The Student Government Association (SGA) announced through an Instagram post on Nov. 2 that it would be working with Seton Hall’s chapter of PERIOD to install free menstrual product dispensers in public bathrooms on campus.
Evelyn Tilelli, a sophomore diplomacy major, said she believes the initiative is a great plan to help students on campus.
“We’ve all been there when we need menstrual products but don’t have them, and it’s so awkward when we have to go around asking other people for what we need,” Tilelli said. “It’ll also help some people if they can’t get out all the way to Walgreens to buy menstrual products, or if they don’t have money to buy any in the first place.”
Anais Boyajian, a sophomore diplomacy major, said this new initiative will help female students feel more at ease during their time of the month. She added that there were times where she helped those who asked her for menstrual products.
“But imagine if I wasn’t there and nobody else had products,” Boyajian said. “Then they’re going to have to do the dreaded toilet paper pad, which is not protective.”
Samia Raza, a freshman art history major, said she believes this initiative will solve the issue of the lack of menstrual products on campus.
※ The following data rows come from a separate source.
(* In the imperfect-anticipation two-period setting described in the context, suppose: (i) $\{Y_{i0}(a,d),Y_{i1}(d),D_i,A_i\}_{i=1}^n$ are i.i.d. across $i$; (ii) $Y_{i0}(0,0)=Y_{i0}(0,1)=Y_{i0}(1,0)=Y_{i0}(-1,1)$ and $Y_{i0}(-1,0)=Y_{i0}(1,1)$; (iii) $\mathbb{E}[g(Y_{i1}(0))-g(Y_{i0}(0,0))\mid D_i=1]=\mathbb{E}[g(Y_{i1}(0))-g(Y_{i0}(0,0))\mid D_i=0]$; (iv) $\mathbb{P}[A_i\neq0\mid D_i=1]\le\pi$, $\mathbb{P}[A_i\neq0\mid D_i=0]\le\pi$, and $\mathbb{P}[A_i=-1\mid D_i=1,A_i\ne0]=\mathbb{P}[A_i=-1\mid D_i=0,A_i\ne0]=\varepsilon$; (v) $|\tau_g|\le|\mu_g|$. Let $m_g=\mathbb{E}[g(Y_{i1})-g(Y_{i0})\mid D_i=1]-\mathbb{E}[g(Y_{i1})-g(Y_{i0})\mid D_i=0]$, $\mu_{g,1}(\varepsilon)=\frac{m_g}{1+\operatorname{sgn}(\tau_g\mu_g)\pi\varepsilon}$ and $\mu_{g,2}(\varepsilon)=\frac{m_g}{1-\operatorname{sgn}(\tau_g\mu_g)\pi(1-\varepsilon)}$. Then \[\mu_g\in\left[\min\{\mu_{g,1}(\varepsilon),\mu_{g,2}(\varepsilon)\},\ \max\{\mu_{g,1}(\varepsilon),\mu_{g,2}(\varepsilon)\}\right].\]
   Context: Two periods $t\in\{0,1\}$, units $i=1,\dots,n$. Each unit has an observed binary treatment $D_i\in\{0,1\}$ (in period 1) and an unobserved anticipation status $A_i\in\{-1,0,1\}$ in period 0: $A_i=0$ means no anticipation, $A_i=1$ means the unit anticipates and its anticipated treatment status equals its actual $D_i$, $A_i=-1$ means it anticipates incorrectly (anticipated status $1-D_i$). Potential outcomes: period 0, $Y_{i0}(a,d)$ for $a\in\{-1,0,1\}$, $d\in\{0,1\}$; period 1, $Y_{i1}(d)$. Observed outcomes: $Y_{i0}=Y_{i0}(A_i,D_i)$, $Y_{i1}=Y_{i1}(D_i)$. $g$ is a known measurable real function with finite expectations of $g$ of the outcomes; $\pi\in(0,1)$ and $\varepsilon\in[0,1]$ are given. Parameter of interest: $\mu_g=\mathbb{E}[g(Y_{i1}(1))-g(Y_{i1}(0))\mid D_i=1]$. The anticipatory effect $\tau_g$ is defined by $\tau_g=\mathbb{E}[g(Y_{i0}(1,1))-g(Y_{i0}(0,0))\mid D_i=1,A_i=1]=\mathbb{E}[g(Y_{i0}(-1,0))-g(Y_{i0}(0,0))\mid D_i=1,A_i=-1]$, the model requiring these two quantities to be equal. $\operatorname{sgn}$ is the sign function. *)

theory Defs
  imports "HOL-Probability.Probability"
begin

text \<open>Anticipation status in period 0: AM1 = -1 (incorrect anticipation),
  A0 = 0 (no anticipation), A1 = 1 (correct anticipation).
  Treatment status d is encoded as bool (True = 1, False = 0).\<close>
datatype antic = AM1 | A0 | A1

definition cexp :: "'w measure \<Rightarrow> ('w \<Rightarrow> real) \<Rightarrow> ('w \<Rightarrow> bool) \<Rightarrow> real" where
  "cexp M X B = (\<integral>\<omega>. indicator {\<omega> \<in> space M. B \<omega>} \<omega> * X \<omega> \<partial>M)
                 / measure M {\<omega> \<in> space M. B \<omega>}"

definition cprob :: "'w measure \<Rightarrow> ('w \<Rightarrow> bool) \<Rightarrow> ('w \<Rightarrow> bool) \<Rightarrow> real" where
  "cprob M E B = measure M {\<omega> \<in> space M. E \<omega> \<and> B \<omega>} / measure M {\<omega> \<in> space M. B \<omega>}"

definition unit_space ::
  "((antic \<times> bool \<Rightarrow> real) \<times> (bool \<Rightarrow> real) \<times> bool \<times> antic) measure" where
  "unit_space = (PiM UNIV (\<lambda>_. borel)) \<Otimes>\<^sub>M (PiM UNIV (\<lambda>_. borel))
                \<Otimes>\<^sub>M count_space UNIV \<Otimes>\<^sub>M count_space UNIV"

definition unit_data ::
  "(nat \<Rightarrow> antic \<Rightarrow> bool \<Rightarrow> 'w \<Rightarrow> real) \<Rightarrow> (nat \<Rightarrow> bool \<Rightarrow> 'w \<Rightarrow> real)
   \<Rightarrow> (nat \<Rightarrow> 'w \<Rightarrow> bool) \<Rightarrow> (nat \<Rightarrow> 'w \<Rightarrow> antic) \<Rightarrow> nat \<Rightarrow> 'w
   \<Rightarrow> (antic \<times> bool \<Rightarrow> real) \<times> (bool \<Rightarrow> real) \<times> bool \<times> antic" where
  "unit_data Y0 Y1 D A j \<omega> =
     ((\<lambda>(a, d). Y0 j a d \<omega>), (\<lambda>d. Y1 j d \<omega>), D j \<omega>, A j \<omega>)"

end

theory Submission
  imports Defs
begin

text \<open>
  By (ii), the observed period-0 outcome of a treated unit equals \<open>Y\<^sub>0(0,0)\<close> unless the unit
  anticipates correctly (\<open>A = 1\<close>), and that of a control unit equals \<open>Y\<^sub>0(0,0)\<close> unless it
  anticipates incorrectly (\<open>A = -1\<close>); in both cases the deviation has mean \<open>\<tau>\<^sub>g\<close>. With
  parallel trends (iii) this gives \<open>m\<^sub>g = \<mu>\<^sub>g - \<tau>\<^sub>g k\<close> for
  \<open>k = P(A = 1 | D = 1) - P(A = -1 | D = 0) = (1 - \<epsilon>) p\<^sub>1 - \<epsilon> p\<^sub>0\<close>, where
  \<open>p\<^sub>d = P(A \<noteq> 0 | D = d) \<in> [0, \<pi>]\<close>, so \<open>k \<in> [-\<pi>\<epsilon>, \<pi>(1 - \<epsilon>)]\<close>.
  Writing \<open>m\<^sub>g = \<mu>\<^sub>g (1 - r k)\<close> with \<open>r = \<tau>\<^sub>g / \<mu>\<^sub>g \<in> [-1, 1]\<close>, the factor \<open>1 - r k\<close> lies
  between the positive numbers \<open>1 - sgn(\<tau>\<^sub>g \<mu>\<^sub>g) \<pi> (1 - \<epsilon>)\<close> and \<open>1 + sgn(\<tau>\<^sub>g \<mu>\<^sub>g) \<pi> \<epsilon>\<close>,
  and dividing \<open>m\<^sub>g\<close> by these bounds gives the interval.

  Only the distribution of the single unit \<open>i\<close> matters.
\<close>

lemma cexp_cong:
  assumes "\<And>\<omega>. \<omega> \<in> space M \<Longrightarrow> B \<omega> \<Longrightarrow> f \<omega> = f' \<omega>"
  shows "cexp M f B = cexp M f' B"
  unfolding cexp_def using assms
  by (intro arg_cong2[where f = "(/)"] Bochner_Integration.integral_cong)
    (auto split: split_indicator)

lemma cexp_add:
  assumes [measurable]: "B \<in> measurable M (count_space UNIV)" and "integrable M f" "integrable M f'"
  shows "cexp M (\<lambda>\<omega>. f \<omega> + f' \<omega>) B = cexp M f B + cexp M f' B"
  using assms(2,3) unfolding cexp_def distrib_left
  by (subst Bochner_Integration.integral_add)
    (auto simp: mult.commute add_divide_distrib intro: integrable_real_mult_indicator)

lemma cexp_diff:
  assumes [measurable]: "B \<in> measurable M (count_space UNIV)" and "integrable M f" "integrable M f'"
  shows "cexp M (\<lambda>\<omega>. f \<omega> - f' \<omega>) B = cexp M f B - cexp M f' B"
  using assms(2,3) unfolding cexp_def right_diff_distrib
  by (subst Bochner_Integration.integral_diff)
    (auto simp: mult.commute diff_divide_distrib intro: integrable_real_mult_indicator)

lemma integrable_of_bool_mult:
  fixes f :: "'w \<Rightarrow> real"
  assumes [measurable]: "C \<in> measurable M (count_space UNIV)" and "integrable M f"
  shows "integrable M (\<lambda>\<omega>. of_bool (C \<omega>) * f \<omega>)"
proof -
  have "integrable M (\<lambda>\<omega>. f \<omega> * indicator {\<omega> \<in> space M. C \<omega>} \<omega>)"
    using assms(2) by (rule integrable_real_mult_indicator[rotated]) measurable
  then show ?thesis
    by (rule Bochner_Integration.integrable_cong[THEN iffD1, rotated -1]) (auto split: split_indicator)
qed

lemma cexp_of_bool_mult:
  assumes "finite_measure M"
    and [measurable]: "B \<in> measurable M (count_space UNIV)" "C \<in> measurable M (count_space UNIV)"
  shows "cexp M (\<lambda>\<omega>. of_bool (C \<omega>) * f \<omega>) B = cprob M C B * cexp M f (\<lambda>\<omega>. B \<omega> \<and> C \<omega>)"
proof -
  interpret finite_measure M by fact
  define S where "S = {\<omega> \<in> space M. B \<omega> \<and> C \<omega>}"
  have S: "S \<in> sets M" unfolding S_def by measurable
  have "(\<integral>\<omega>. indicator {\<omega> \<in> space M. B \<omega>} \<omega> * (of_bool (C \<omega>) * f \<omega>) \<partial>M)
      = (\<integral>\<omega>. indicator S \<omega> * f \<omega> \<partial>M)"
    by (rule Bochner_Integration.integral_cong) (auto simp: S_def split: split_indicator)
  moreover have "{\<omega> \<in> space M. C \<omega> \<and> B \<omega>} = S" by (auto simp: S_def)
  moreover have "(\<integral>\<omega>. indicator S \<omega> * f \<omega> \<partial>M) = 0" if "measure M S = 0"
  proof -
    have "AE \<omega> in M. \<omega> \<notin> S"
      using S that by (intro AE_not_in) (simp add: null_sets_def emeasure_eq_measure)
    then show ?thesis by (intro integral_eq_zero_AE) auto
  qed
  ultimately show ?thesis
    unfolding cexp_def cprob_def S_def[symmetric] by (cases "measure M S = 0") auto
qed

lemma cprob_nonneg: "0 \<le> cprob M C B"
  by (simp add: cprob_def)

lemma cprob_chain:
  assumes "finite_measure M"
    and [measurable]: "B \<in> measurable M (count_space UNIV)" "E \<in> measurable M (count_space UNIV)"
    and "\<And>\<omega>. C \<omega> \<Longrightarrow> E \<omega>"
  shows "cprob M C B = cprob M C (\<lambda>\<omega>. B \<omega> \<and> E \<omega>) * cprob M E B"
proof -
  interpret finite_measure M by fact
  have CB: "{\<omega> \<in> space M. C \<omega> \<and> B \<omega> \<and> E \<omega>} = {\<omega> \<in> space M. C \<omega> \<and> B \<omega>}"
    and EB: "{\<omega> \<in> space M. E \<omega> \<and> B \<omega>} = {\<omega> \<in> space M. B \<omega> \<and> E \<omega>}"
    using assms(4) by auto
  have "measure M {\<omega> \<in> space M. C \<omega> \<and> B \<omega>} \<le> measure M {\<omega> \<in> space M. B \<omega> \<and> E \<omega>}"
    using assms(4) by (intro finite_measure_mono) auto
  then show ?thesis
    unfolding cprob_def CB EB
    by (cases "measure M {\<omega> \<in> space M. B \<omega> \<and> E \<omega>} = 0") (auto intro: antisym)
qed

lemma cprob_disj:
  assumes "finite_measure M"
    and [measurable]: "B \<in> measurable M (count_space UNIV)"
      "C \<in> measurable M (count_space UNIV)" "C' \<in> measurable M (count_space UNIV)"
    and "\<And>\<omega>. \<not> (C \<omega> \<and> C' \<omega>)"
  shows "cprob M (\<lambda>\<omega>. C \<omega> \<or> C' \<omega>) B = cprob M C B + cprob M C' B"
proof -
  interpret finite_measure M by fact
  have "{\<omega> \<in> space M. (C \<omega> \<or> C' \<omega>) \<and> B \<omega>}
      = {\<omega> \<in> space M. C \<omega> \<and> B \<omega>} \<union> {\<omega> \<in> space M. C' \<omega> \<and> B \<omega>}" by auto
  moreover have "measure M ({\<omega> \<in> space M. C \<omega> \<and> B \<omega>} \<union> {\<omega> \<in> space M. C' \<omega> \<and> B \<omega>})
      = measure M {\<omega> \<in> space M. C \<omega> \<and> B \<omega>} + measure M {\<omega> \<in> space M. C' \<omega> \<and> B \<omega>}"
    using assms(5) by (intro finite_measure_Union) auto
  ultimately show ?thesis
    unfolding cprob_def by (simp add: add_divide_distrib)
qed

lemma mult_unit_interval_bounds:
  fixes lo hi k r :: real
  assumes "lo \<le> k" "k \<le> hi" "lo \<le> 0" "0 \<le> hi" "0 \<le> r" "r \<le> 1"
  shows "lo \<le> r * k \<and> r * k \<le> hi"
proof (cases "0 \<le> k")
  case True
  then show ?thesis
    using assms mult_left_le_one_le[of k r] mult_nonneg_nonneg[of r k] by linarith
next
  case False
  then show ?thesis
    using assms mult_right_mono_neg[of r 1 k] mult_nonneg_nonpos[of r k] by linarith
qed

lemma min_max_div_bounds:
  fixes m \<mu> x a b :: real
  assumes "0 < a" "a \<le> x" "x \<le> b" "m = \<mu> * x"
  shows "min (m / b) (m / a) \<le> \<mu> \<and> \<mu> \<le> max (m / b) (m / a)"
proof -
  have "0 < x" "\<mu> = m / x" using assms by auto
  then show ?thesis
    using assms divide_left_mono[of x b m] divide_left_mono[of a x m]
      divide_left_mono_neg[of x b m] divide_left_mono_neg[of a x m]
    by (cases "0 \<le> m") (auto simp: min_def max_def)
qed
“Even in the bookstore, there’s barely anything there when it comes to having real options for menstrual products,” Raza said.
SGA’s Instagram post mentioned that, according to the Free the Tampons Movement, “79% of women have had to make do with toilet paper in emergencies.”
Safa Sheikh, a sophomore political science major, said she appreciated the language used by the SGA Instagram’s post, as it mentioned menstruators rather than strictly female students.
“I like that the post was gender-neutra because I think that’s something that’s usually avoided, especially in regard to menstruation — people assume it only applies to cisgender women,” Sheikh said. “I also think it’s good that they’re placing these dispensers in bathrooms for everyone to see publicly. It will destigmatize menstruation as a ‘dirty’ thing that you need to protect yourself from.”
According to the SGA’s Instagram post, the dispensers will be free-vend machines that will hold five times the number of products than regular dispensers, and they will be using 100% organic cotton tampons and pads.
The SGA’s Instagram post announced that three dispensers will be installed during the 2021-2022 academic year in the library, gym and the university center. Their long-term plan is to keep expanding so that all common bathrooms will have dispensers, including gender-neutral and dorm communal bathrooms.
“I’m finally going to have access to something that I need because you can get your period any time of the day,” Raza said. “And now, when you go to the bathroom to check, you can just get the products you need right there instead of having to leave to buy them.”